For nearly two decades, the SEI has been instrumental in the creation and development of the field of software engineering known as software architecture. The software architecture of a program or computing system is a depiction of the system that fosters understanding of how the system will behave.

In the three webinars, SEI researchers Rob Wojcik, Felix Bachmann, and John Klein share insights from their work, including

  • what software architecture is and why it is important
  • why architecture evaluation methods can continuously ensure the creation of successful systems
  • how a system-of-systems perspective improves the analysis of enterprise architectures

In the first webinar on software architecture fundamentals, Wojcik points out that “We say that an architecture is not just descriptive . . . [it] is also prescriptive. It defines constraints on the way people can implement the architecture in a system. . . . The wrong choice of architectural structure will prevent us from achieving certain qualities” such as security, performance, and availability.

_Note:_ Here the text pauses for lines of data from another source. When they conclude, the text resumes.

lemma spectral_decomposition_conj:
  assumes H: "orthonormal_mat n H" and A: "spectral_decomposition n A P es"
  shows "spectral_decomposition n (H * A * transpose_mat H) (H * P) es"
proof -
  have "H \<in> carrier_mat n n" "P \<in> carrier_mat n n" "mat_diag n ((!) es) \<in> carrier_mat n n"
    using assms unfolding spectral_decomposition_def orthonormal_mat_def by auto
  hence "H * (P * mat_diag n ((!) es) * transpose_mat P) * transpose_mat H
      = H * P * mat_diag n ((!) es) * transpose_mat (H * P)"
    by (simp add: transpose_mult mult_carrier_mat[of _ n n _ n] assoc_mult_mat[of _ n n _ n _ n])
  then show ?thesis
    using assms orthonormal_mat_mult[OF H] unfolding spectral_decomposition_def by auto
qed

lemma spectral_decomposition_block:
  assumes "spectral_decomposition m A P es"
  shows "spectral_decomposition (Suc m)
    (four_block_mat (mat 1 1 (\<lambda>_. e)) (0\<^sub>m 1 m) (0\<^sub>m m 1) A)
    (four_block_mat (1\<^sub>m 1) (0\<^sub>m 1 m) (0\<^sub>m m 1) P) (e # es)"
proof -
  let ?E = "mat 1 1 (\<lambda>_. e) :: real mat"
  let ?P = "four_block_mat (1\<^sub>m 1) (0\<^sub>m 1 m) (0\<^sub>m m 1) P"
  have P: "P \<in> carrier_mat m m" and PT: "transpose_mat P \<in> carrier_mat m m"
    and D: "mat_diag m ((!) es) \<in> carrier_mat m m"
    and PP: "transpose_mat P * P = 1\<^sub>m m" "P * transpose_mat P = 1\<^sub>m m"
    and len: "length es = m" and A: "A = P * mat_diag m ((!) es) * transpose_mat P"
    using assms unfolding spectral_decomposition_def orthonormal_mat_def by auto
  have one: "four_block_mat (1\<^sub>m 1) (0\<^sub>m 1 m) (0\<^sub>m m 1) (1\<^sub>m m) = (1\<^sub>m (Suc m) :: real mat)"
    by (rule eq_matI) auto
  have diag: "mat_diag (Suc m) ((!) (e # es)) = four_block_mat ?E (0\<^sub>m 1 m) (0\<^sub>m m 1) (mat_diag m ((!) es))"
    by (rule eq_matI) (auto simp: mat_diag_def nth_Cons')
  have T: "transpose_mat (four_block_mat (1\<^sub>m 1) (0\<^sub>m 1 m) (0\<^sub>m m 1) P)
      = four_block_mat (1\<^sub>m 1) (0\<^sub>m 1 m) (0\<^sub>m m 1) (transpose_mat P)"
    using P by (subst transpose_four_block_mat[of _ 1 1 _ m _ m]) auto
  have "transpose_mat ?P * ?P = 1\<^sub>m (Suc m)" "?P * transpose_mat ?P = 1\<^sub>m (Suc m)"
    unfolding T using P PT PP by (simp_all add: mult_four_block_mat[of _ 1 1 _ m _ m _ _ 1 _ m] one)
  moreover have "?P * mat_diag (Suc m) ((!) (e # es))
      = four_block_mat ?E (0\<^sub>m 1 m) (0\<^sub>m m 1) (P * mat_diag m ((!) es))"
    unfolding diag using P D
    by (simp add: mult_four_block_mat[of _ 1 1 _ m _ m _ _ 1 _ m] left_mult_zero_mat[OF D])
  hence "?P * mat_diag (Suc m) ((!) (e # es)) * transpose_mat ?P
      = four_block_mat ?E (0\<^sub>m 1 m) (0\<^sub>m m 1) A"
    unfolding T A using P PT D
    by (simp add: mult_four_block_mat[of _ 1 1 _ m _ m _ _ 1 _ m] right_mult_zero_mat[of _ m m]
        left_add_zero_mat[of _ m m] mult_carrier_mat[of _ m m _ m])
  ultimately show ?thesis
    using P len unfolding spectral_decomposition_def orthonormal_mat_def by auto
qed

lemma symmetric_deflation:
  fixes A :: "real mat"
  assumes A: "A \<in> carrier_mat (Suc m) (Suc m)" and sym: "transpose_mat A = A"
  obtains H e B where "orthonormal_mat (Suc m) H" "B \<in> carrier_mat m m" "transpose_mat B = B"
    "A = H * four_block_mat (mat 1 1 (\<lambda>_. e)) (0\<^sub>m 1 m) (0\<^sub>m m 1) B * transpose_mat H"
proof -
  let ?n = "Suc m"
  let ?e0 = "unit_vec ?n 0 :: real vec"
  obtain e u where u: "u \<in> carrier_vec ?n" "u \<noteq> 0\<^sub>v ?n" "A *\<^sub>v u = e \<cdot>\<^sub>v u"
    using real_symmetric_has_eigenvector[OF A sym] by blast
  have "u \<bullet> u > 0" using conjugate_square_greater_0_vec[OF u(1)] u(2) by simp
  define v where "v = (1 / sqrt (u \<bullet> u)) \<cdot>\<^sub>v u"
  have v: "v \<in> carrier_vec ?n" using u unfolding v_def by auto
  have vv: "v \<bullet> v = 1" unfolding v_def using u(1) \<open>u \<bullet> u > 0\<close>
    by (simp add: smult_scalar_prod_distrib[of _ ?n] scalar_prod_smult_distrib[of _ ?n])
  have Av: "A *\<^sub>v v = e \<cdot>\<^sub>v v"
    unfolding v_def using u by (simp add: mult_mat_vec[OF A u(1)] smult_smult_assoc mult.commute)
  define H where "H = reflection_mat ?n (v - ?e0)"
  have H: "H \<in> carrier_mat ?n ?n" "transpose_mat H = H" "H * H = 1\<^sub>m ?n" "H *\<^sub>v ?e0 = v"
    unfolding H_def using v vv
    by (simp_all add: reflection_mat_carrier reflection_mat_symmetric reflection_mat_involution
        reflection_mat_maps_unit_vec)
  define A' where "A' = H * A * H"
  have A': "A' \<in> carrier_mat ?n ?n" unfolding A'_def using H A by auto
  have A'sym: "transpose_mat A' = A'"
    unfolding A'_def using H A sym
    by (simp add: transpose_mult[of _ ?n ?n _ ?n] mult_carrier_mat[of _ ?n ?n _ ?n])
  have "A' *\<^sub>v ?e0 = H *\<^sub>v (A *\<^sub>v v)"
    unfolding A'_def using H A by (simp add: assoc_mult_mat_vec[of _ ?n ?n _ ?n])
  also have "\<dots> = e \<cdot>\<^sub>v (H *\<^sub>v (H *\<^sub>v ?e0))"
    using H Av by (simp add: mult_mat_vec[OF H(1) v])
  also have "\<dots> = e \<cdot>\<^sub>v ?e0"
    using H(3) assoc_mult_mat_vec[OF H(1) H(1) unit_vec_carrier, of 0] by simp
  finally have col0: "A' *\<^sub>v ?e0 = e \<cdot>\<^sub>v ?e0" .
  have A'swap: "A' $$ (j,i) = A' $$ (i,j)" if "i < ?n" "j < ?n" for i j
    using A' that A'sym[THEN arg_cong, of "\<lambda>X. X $$ (i,j)"] by simp
  have A'0: "A' $$ (i,0) = (if i = 0 then e else 0)" "A' $$ (0,i) = (if i = 0 then e else 0)"
    if "i < ?n" for i
    using arg_cong[OF col0, of "\<lambda>x. x $ i"] A' that A'swap[OF that, of 0] by auto
  define B where "B = mat m m (\<lambda>(i,j). A' $$ (Suc i, Suc j))"
  have B: "B \<in> carrier_mat m m" unfolding B_def by simp
  have "transpose_mat B = B"
    unfolding B_def using A'swap by (intro eq_matI) auto
  have "A' = four_block_mat (mat 1 1 (\<lambda>_. e)) (0\<^sub>m 1 m) (0\<^sub>m m 1) B"
    using A' A'0 by (intro eq_matI) (auto simp: B_def)
  moreover have "H * A' * transpose_mat H = (H * H) * A * (H * H)"
    unfolding A'_def using H(1,2) A
    by (simp add: mult_carrier_mat[of _ ?n ?n _ ?n] assoc_mult_mat[of _ ?n ?n _ ?n _ ?n])
  hence "A = H * A' * transpose_mat H" using H A by simp
  moreover have "orthonormal_mat ?n H" using H unfolding orthonormal_mat_def by simp
  ultimately show ?thesis using that B \<open>transpose_mat B = B\<close> by blast
qed

theorem real_symmetric_spectral_decomposition:
  fixes A :: "real mat"
  assumes "A \<in> carrier_mat n n" and "transpose_mat A = A"
  obtains P es where "spectral_decomposition n A P es"
  using assms
proof (induction n arbitrary: A thesis)
  case 0
  have "spectral_decomposition 0 A (1\<^sub>m 0) []"
    using "0.prems" by (auto intro!: eq_matI simp: spectral_decomposition_def orthonormal_mat_def)
  then show ?case using "0.prems" by blast
next
  case (Suc m)
  obtain H e B where H: "orthonormal_mat (Suc m) H" and B: "B \<in> carrier_mat m m" "transpose_mat B = B"
    and A: "A = H * four_block_mat (mat 1 1 (\<lambda>_. e)) (0\<^sub>m 1 m) (0\<^sub>m m 1) B * transpose_mat H"
    using symmetric_deflation[OF Suc.prems(2,3)] by blast
  obtain P es where "spectral_decomposition m B P es" using Suc.IH[OF _ B] by blast
  from spectral_decomposition_conj[OF H spectral_decomposition_block[OF this, of e]]
  show ?case using Suc.prems(1) unfolding A by blast
qed

lemma proots_prod_linear_factors: "proots (\<Prod>a\<leftarrow>es. [:- a, 1:]) = mset (es :: real list)"
proof (induction es)
  case (Cons a es)
  have "(\<Prod>a\<leftarrow>es. [:- a, 1:]) \<noteq> (0 :: real poly)" by (auto simp: prod_list_zero_iff)
  then have "proots (\<Prod>a\<leftarrow>a # es. [:- a, 1:]) = proots [:- a, 1:] + proots (\<Prod>a\<leftarrow>es. [:- a, 1:])"
    unfolding list.map prod_list.Cons by (intro proots_mult) simp_all
  then show ?case using Cons proots_linear_factor[of "- a"] by simp
qed simp

lemma eigs_desc_spectral_decomposition:
  assumes "A \<in> carrier_mat n n" and "spectral_decomposition n A P es"
  shows "eigs_desc A = rev (sort es)"
proof -
  have D: "mat_diag n ((!) es) \<in> carrier_mat n n" by simp
  have "similar_mat_wit A (mat_diag n ((!) es)) P (transpose_mat P)"
    using assms unfolding similar_mat_wit_def spectral_decomposition_def orthonormal_mat_def
    by auto
  hence "char_poly A = char_poly (mat_diag n ((!) es))"
    by (intro char_poly_similar) (auto simp: similar_mat_def)
  also have "\<dots> = (\<Prod>a\<leftarrow>diag_mat (mat_diag n ((!) es)). [:- a, 1:])"
    by (rule char_poly_upper_triangular[OF D]) (auto simp: upper_triangular_def mat_diag_def)
  also have "diag_mat (mat_diag n ((!) es)) = es"
    using assms(2) unfolding spectral_decomposition_def
    by (intro nth_equalityI) (auto simp: diag_mat_def mat_diag_def)
  finally show ?thesis
    unfolding eigs_desc_def by (simp add: proots_prod_linear_factors sorted_list_of_multiset_mset)
qed

lemma lambda_k_spectral_decomposition:
  assumes "A \<in> carrier_mat n n" and "spectral_decomposition n A P es" and "1 \<le> k" "k \<le> n"
  shows "lambda_k k A = sort es ! (n - k)"
  using assms eigs_desc_spectral_decomposition[OF assms(1,2)]
  by (auto simp: lambda_k_def spectral_decomposition_def rev_nth)

lemma sorted_nth_1_le_iff:
  fixes s :: "'a::linorder list"
  assumes "sorted s" and "2 \<le> length s"
  shows "s ! 1 \<le> t \<longleftrightarrow> (\<exists>i<length s. \<exists>j<length s. i \<noteq> j \<and> s ! i \<le> t \<and> s ! j \<le> t)"
proof
  assume "s ! 1 \<le> t"
  moreover have "s ! 0 \<le> s ! 1" using assms by (simp add: sorted_nth_mono)
  moreover have "0 < length s" "1 < length s" using assms(2) by auto
  ultimately show "\<exists>i<length s. \<exists>j<length s. i \<noteq> j \<and> s ! i \<le> t \<and> s ! j \<le> t"
    by (metis order.trans zero_neq_one)
next
  assume "\<exists>i<length s. \<exists>j<length s. i \<noteq> j \<and> s ! i \<le> t \<and> s ! j \<le> t"
  then obtain i where "1 \<le> i" "i < length s" "s ! i \<le> t" by (metis less_one not_le)
  then show "s ! 1 \<le> t" using assms(1) sorted_nth_mono[of s 1 i] by simp
qed

lemma two_indices_le_iff_length_filter:
  "(\<exists>i<length xs. \<exists>j<length xs. i \<noteq> j \<and> xs ! i \<le> t \<and> xs ! j \<le> t)
     \<longleftrightarrow> 1 < length (filter (\<lambda>x. x \<le> t) xs)"
proof -
  let ?S = "{i. i < length xs \<and> xs ! i \<le> t}"
  have "1 < card ?S \<longleftrightarrow> \<not> (\<forall>i\<in>?S. \<forall>j\<in>?S. i = j)"
    using card_le_Suc0_iff_eq[of ?S] by fastforce
  then show ?thesis unfolding length_filter_conv_card by blast
qed

lemma sort_nth_1_le_iff:
  fixes xs :: "'a::linorder list"
  assumes "2 \<le> length xs"
  shows "sort xs ! 1 \<le> t \<longleftrightarrow> (\<exists>i<length xs. \<exists>j<length xs. i \<noteq> j \<and> xs ! i \<le> t \<and> xs ! j \<le> t)"
proof -
  have "length (filter (\<lambda>x. x \<le> t) (sort xs)) = length (filter (\<lambda>x. x \<le> t) xs)"
    by (metis mset_filter mset_sort size_mset)
  moreover have "sort xs ! 1 \<le> t \<longleftrightarrow> 1 < length (filter (\<lambda>x. x \<le> t) (sort xs))"
    using sorted_nth_1_le_iff[of "sort xs" t] two_indices_le_iff_length_filter[of "sort xs" t] assms
    by simp
  ultimately show ?thesis using two_indices_le_iff_length_filter[of xs t] by simp
qed

lemma quadratic_form_spectral_decomposition:
  assumes SD: "spectral_decomposition n A P es" and x: "x \<in> carrier_vec n"
  defines "y \<equiv> transpose_mat P *\<^sub>v x"
  shows "x \<bullet> (A *\<^sub>v x) = (\<Sum>l<n. es ! l * (y $ l)\<^sup>2)"
    and "x \<bullet> x = (\<Sum>l<n. (y $ l)\<^sup>2)"
proof -
  have P: "P \<in> carrier_mat n n" and PP: "P * transpose_mat P = 1\<^sub>m n"
    and A: "A = P * mat_diag n ((!) es) * transpose_mat P"
    using SD unfolding spectral_decomposition_def orthonormal_mat_def by auto
  have y: "y \<in> carrier_vec n" unfolding y_def using P x by simp
  have Dy: "mat_diag n ((!) es) *\<^sub>v y = vec n (\<lambda>l. es ! l * y $ l)"
    using y by (intro eq_vecI)
      (auto simp: mat_diag_def scalar_prod_def sum.delta' if_distrib if_distribR cong: if_cong)
  have "A *\<^sub>v x = P *\<^sub>v (mat_diag n ((!) es) *\<^sub>v y)"
    unfolding A y_def using P x by (simp add: assoc_mult_mat_vec[of _ n n _ n])
  hence "x \<bullet> (A *\<^sub>v x) = y \<bullet> (mat_diag n ((!) es) *\<^sub>v y)"
    using transpose_vec_mult_scalar[OF P _ x, of "mat_diag n ((!) es) *\<^sub>v y"] Dy
    unfolding y_def by simp
  also have "\<dots> = (\<Sum>l<n. es ! l * (y $ l)\<^sup>2)"
    unfolding Dy using y by (simp add: scalar_prod_def power2_eq_square atLeast0LessThan algebra_simps)
  finally show "x \<bullet> (A *\<^sub>v x) = (\<Sum>l<n. es ! l * (y $ l)\<^sup>2)" .
  have "x = P *\<^sub>v y"
    unfolding y_def using assoc_mult_mat_vec[OF P _ x, of "transpose_mat P"] P PP x by simp
  hence "x \<bullet> x = y \<bullet> y" using transpose_vec_mult_scalar[OF P y x] unfolding y_def by simp
  then show "x \<bullet> x = (\<Sum>l<n. (y $ l)\<^sup>2)"
    using y by (simp add: scalar_prod_def power2_eq_square atLeast0LessThan)
qed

In his webinar on improved architecture practice, Bachmann examines an architecture-centric engineering approach to system development. In this approach, an organization’s business or mission goals drive the design of an architecture, and the system is built from that architecture in a way that satisfies qualities important to achieving those goals.

The purpose of an architecture evaluation, Bachmann says, is to answer this question: “Will the designed system solution have the properties to make the organization successful?”

Discussing enterprise architecture, Klein notes in his webinar that the SEI takes a system-of-systems view of enterprise architecture. “Taking that perspective is useful for us for analysis and evaluation.”